# Introduction

One of the issues with machine learning when going from raw data is too many input variables. The sheer number of inputs makes it hard to train and often can lead to overfitting (see curse of dimensionality). Autoencoders were originally proposed as a method of reducing dimensions and extracting higher level features that we know for sure contain most if not all of the information. It can be thought of as storing the information in a more efficient and meaningful way.

# The Structure ## Definition

Autoencoders, instead of narrowing down like most networks, instead are shaped like an hourglass. When trained, the output should be exactly the same as the input. So if we feed the network a picture of a cat, it will give the exact same picture back. This forces the network to try to maintain all of the information through each layer and not lose anything. However, in the middle it gets narrower! This means it must find a more effective way of storing the same amount of information. The first half that converts the information into the narrow region is called the encoding portion and the second half that converts it back into the original information is called the decoding portion.

# Example: Number Systems

This can be a bit tricky to wrap our head around, so lets start with an example. Say we have a network that takes in 8 inputs. Each input node represents a number. So if we want to pass the number 1, we make the first neuron a 1 and the rest 0s. If we want to pass the number 2, we make the second neuron a 1 and the rest 0s. And so on. This process is actually called one-hot encoding. We then create a network with a very simple structure. Besides the input layer with 8 nuerons, we will add a hidden layer with 3 neurons and another output layer with 8 neurons. Now we train the network to spit back out the same exact input. This means it MUST learn to take the input and store it in only 3 neurons if it wants to learn. In this case, it can just learn binary! One of the three hidden ones represents +1, another represents +2, and another represents +4. This way, we can represent 8 different numbers ($$2^3$$).

# Applications

Standard autoencoders are useful for pretraining low levels of a deep network. In the past, without high-end GPUs, autoencoders would be used to extract out basic features from information. The input would be passed to train a shallow autoencoder. Then, the decoding portion would be chopped off and the network would be made deeper, with even smaller layers being added in the middle along with a new decoder. This would be repeated as long as needed to train these low levels.

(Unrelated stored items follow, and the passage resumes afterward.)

(* For all binary words $\mathfrak{s},\mathfrak{t}$ over $\{\mathsf{A},\mathsf{B}\}$, \[ \mathsf{P}(\mathfrak{s}\circ\mathfrak{t}) = \mathsf{P}_{\mathsf{A}}(\mathfrak{s})\,\mathsf{P}^{\mathsf{B}}(\mathfrak{t}) + \mathsf{P}_{\mathsf{B}}(\mathfrak{s})\,\mathsf{P}^{\mathsf{A}}(\mathfrak{t}) - 1. \]
   Context: $\circ$ denotes concatenation. For a word $\mathfrak{s}$, $\mathsf{P}(\mathfrak{s})$ is the number of distinct words that are subsequences (not necessarily contiguous) of $\mathfrak{s}$, the empty word included. $\mathsf{P}^{\mathsf{A}}(\mathfrak{s})$ (resp. $\mathsf{P}^{\mathsf{B}}(\mathfrak{s})$) is the number of distinct subsequences of $\mathfrak{s}$ that start with $\mathsf{A}$ (resp. $\mathsf{B}$), plus one for the empty subsequence; $\mathsf{P}_{\mathsf{A}}(\mathfrak{s})$ (resp. $\mathsf{P}_{\mathsf{B}}(\mathfrak{s})$) is the number of distinct subsequences of $\mathfrak{s}$ that end with $\mathsf{A}$ (resp. $\mathsf{B}$), plus one for the empty subsequence. *)

theory Defs
  imports Main
begin

datatype letter = A | B

definition subseqset :: "letter list \<Rightarrow> letter list set" where
  "subseqset s = set (subseqs s)"

definition P :: "letter list \<Rightarrow> nat" where
  "P s = card (subseqset s)"

text \<open>P^c(s): distinct subsequences starting with c, plus one (empty subsequence).\<close>
definition Pstart :: "letter \<Rightarrow> letter list \<Rightarrow> nat" where
  "Pstart c s = card {u \<in> subseqset s. u \<noteq> [] \<and> hd u = c} + 1"

text \<open>P_c(s): distinct subsequences ending with c, plus one (empty subsequence).\<close>
definition Pend :: "letter \<Rightarrow> letter list \<Rightarrow> nat" where
  "Pend c s = card {u \<in> subseqset s. u \<noteq> [] \<and> last u = c} + 1"

end

theory Submission
  imports Defs "HOL-Library.Sublist"
begin

text \<open>Induct on \<open>t\<close>, moving its first letter \<open>c\<close> to the end of \<open>s\<close>. The subsequences of
  \<open>s c\<close> ending in \<open>c\<close> are exactly the subsequences of \<open>s\<close> followed by \<open>c\<close>, so
  \<open>P\<^sub>c(s c) = P(s) + 1\<close> while \<open>P\<^sub>d(s c) = P\<^sub>d(s)\<close> for the other letter \<open>d\<close>; dually
  \<open>P\<^sup>c(c t) = P(t) + 1\<close> and \<open>P\<^sup>d(c t) = P\<^sup>d(t)\<close>. Comparing the right-hand sides for
  \<open>(s, c t)\<close> and \<open>(s c, t)\<close>, the step then amounts to the two partitions
  \<open>P(s) = P\<^sub>A(s) + P\<^sub>B(s) - 1\<close> and \<open>P(t) = P\<^sup>A(t) + P\<^sup>B(t) - 1\<close> by last resp. first letter.
  All statements about first letters are obtained from those about last letters by reversal.\<close>

lemma set_subseqs_snoc:
  "set (subseqs (xs @ [x])) = set (subseqs xs) \<union> (\<lambda>u. u @ [x]) ` set (subseqs xs)"
  by (induction xs) (auto simp: Let_def image_Un image_image)

lemma set_subseqs_rev: "set (subseqs (rev xs)) = rev ` set (subseqs xs)"
  by (induction xs) (auto simp: set_subseqs_snoc Let_def image_Un image_image)

lemma butlast_in_set_subseqs: "u \<in> set (subseqs xs) \<Longrightarrow> butlast u \<in> set (subseqs xs)"
  unfolding set_subseqs_eq mem_Collect_eq
  by (rule subseq_order.order_trans[OF prefix_imp_subseq[OF prefixeq_butlast]])

lemma finite_subseqset: "finite (subseqset s)"
  unfolding subseqset_def by (rule finite_set)

lemma P_rev: "P (rev s) = P s"
  by (simp add: P_def subseqset_def set_subseqs_rev card_image)

lemma Pstart_eq_Pend_rev: "Pstart c t = Pend c (rev t)"
proof -
  have "{u \<in> subseqset (rev t). u \<noteq> [] \<and> last u = c} = rev ` {u \<in> subseqset t. u \<noteq> [] \<and> hd u = c}"
    unfolding subseqset_def set_subseqs_rev by (auto simp: last_rev)
  then show ?thesis
    by (simp add: Pstart_def Pend_def card_image)
qed

lemma P_eq_Pend_sum: "int (P s) = int (Pend A s) + int (Pend B s) - 1"
proof -
  let ?ends = "\<lambda>c. {u \<in> subseqset s. u \<noteq> [] \<and> last u = c}"
  have "u \<in> insert [] (?ends A \<union> ?ends B)" if "u \<in> subseqset s" for u
    using that by (cases "last u") auto
  moreover have "[] \<in> subseqset s"
    by (simp add: subseqset_def)
  ultimately have "subseqset s = insert [] (?ends A \<union> ?ends B)"
    by blast
  then have "P s = card (insert [] (?ends A \<union> ?ends B))"
    unfolding P_def by (rule arg_cong)
  also have "\<dots> = Suc (card (?ends A) + card (?ends B))"
    using finite_subseqset[of s] by (simp add: card_Un_disjoint disjoint_iff)
  finally show ?thesis
    by (simp add: Pend_def)
qed

lemma P_eq_Pstart_sum: "int (P t) = int (Pstart A t) + int (Pstart B t) - 1"
  using P_eq_Pend_sum[of "rev t"] by (simp add: P_rev Pstart_eq_Pend_rev)

lemma Pend_snoc_same: "Pend c (s @ [c]) = P s + 1"
proof -
  have "{u \<in> subseqset (s @ [c]). u \<noteq> [] \<and> last u = c} = (\<lambda>u. u @ [c]) ` subseqset s"
  proof (intro equalityI subsetI)
    fix u assume "u \<in> {u \<in> subseqset (s @ [c]). u \<noteq> [] \<and> last u = c}"
    then have "u \<in> subseqset (s @ [c])" "u = butlast u @ [c]"
      by auto
    then show "u \<in> (\<lambda>u. u @ [c]) ` subseqset s"
      unfolding subseqset_def set_subseqs_snoc
      by (metis UnE butlast_in_set_subseqs image_iff)
  qed (auto simp: subseqset_def set_subseqs_snoc)
  then show ?thesis
    by (simp add: Pend_def P_def card_image inj_on_def)
qed

lemma Pend_snoc_other: "d \<noteq> c \<Longrightarrow> Pend d (s @ [c]) = Pend d s"
  unfolding Pend_def subseqset_def set_subseqs_snoc by (auto intro!: arg_cong[where f = card])

lemma Pstart_Cons_same: "Pstart c (c # t) = P t + 1"
  by (simp add: Pstart_eq_Pend_rev Pend_snoc_same P_rev)

lemma Pstart_Cons_other: "d \<noteq> c \<Longrightarrow> Pstart d (c # t) = Pstart d t"
  by (simp add: Pstart_eq_Pend_rev Pend_snoc_other)

lemma Pstart_Nil: "Pstart c [] = 1"
  by (simp add: Pstart_def subseqset_def)

theorem theorem2:
  fixes s t :: "letter list"
  shows "int (P (s @ t)) = int (Pend A s) * int (Pstart B t) + int (Pend B s) * int (Pstart A t) - 1"
proof (induction t arbitrary: s)
  case Nil
  show ?case
    using P_eq_Pend_sum[of s] by (simp add: Pstart_Nil)
next
  case (Cons c t)
  from Cons.IH[of "s @ [c]"] show ?case
    using P_eq_Pend_sum[of s] P_eq_Pstart_sum[of t]
    by (cases c) (simp_all add: Pend_snoc_same Pend_snoc_other Pstart_Cons_same
        Pstart_Cons_other algebra_simps)
qed

end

One of the biggest uses of autoencoders early on was images. Images have lots and lots of raw information (pixels) and easily identifiable features that can better represent the image. So naturally, the next step was in adding convolutional layers to autoencoders. However, to do this, we also need deconvolutional layers and unpooling. This process is called upsampling.

# Unpooling ## Definition

The first step in this process is reversing pooling. Unfortunately, this is basically impossible as we’ve thrown away the information from the other squares in the pooling process. Essentially, if we are unpooling a 1x1 region to a 2x2 region (reversing 2x2 pooling), we first move the 1x1 region to the right location in the 2x2 box. This is done by using switches, which essentially store the original location from the pooling. Basically, each pooled region takes not only the value, but the original location it was in before the pool, which is then used in the unpooling. The remaining squares are filled with 0s.

# Deconvolutions ## Definition

The next step is deconvolutions. Normally, the bottom would be the input and the top is the generated values from the kernel. In this case, you have the green region and want the bottom. To do this, you take the kernel and multiply every single location with the pixel value you are deconvolving. Where there are overlaps, you sum the values. Typically, high stride lengths are used to minimize overlap. In this image, each blue pixel is where the deconvolutional kernel is applied to. Let’s look at an example. Our kernel is...

$\begin{bmatrix} 3 & 4 \\ 1 & 1 \end{bmatrix}$

We can apply it to the 2x2 following image matrix with a stride length of 2.

$\begin{bmatrix} 1 & 2 \\ 5 & 9 \end{bmatrix}$ $→ \begin{bmatrix} 3 & 4 & 0 & 0 \\ 1 & 1 & 0 & 0 \\ 0 & 0 & 0 & 0 \\ 0 & 0 & 0 & 0 \end{bmatrix} + \begin{bmatrix} 0 & 0 & 6 & 8 \\ 0 & 0 & 2 & 2 \\ 0 & 0 & 0 & 0 \\ 0 & 0 & 0 & 0 \end{bmatrix} + \begin{bmatrix} 0 & 0 & 0 & 0 \\ 0 & 0 & 0 & 0 \\ 15 & 20 & 0 & 0 \\ 5 & 5 & 0 & 0 \end{bmatrix} + \begin{bmatrix} 0 & 0 & 0 & 0 \\ 0 & 0 & 0 & 0 \\ 0 & 0 & 27 & 36 \\ 0 & 0 & 9 & 9 \end{bmatrix}$ $= \begin{bmatrix} 3 & 4 & 6 & 8 \\ 1 & 1 & 2 & 2 \\ 15 & 20 & 27 & 36 \\ 5 & 5 & 9 & 9 \end{bmatrix}$

And presto, we have just deconvolved the image using our filter!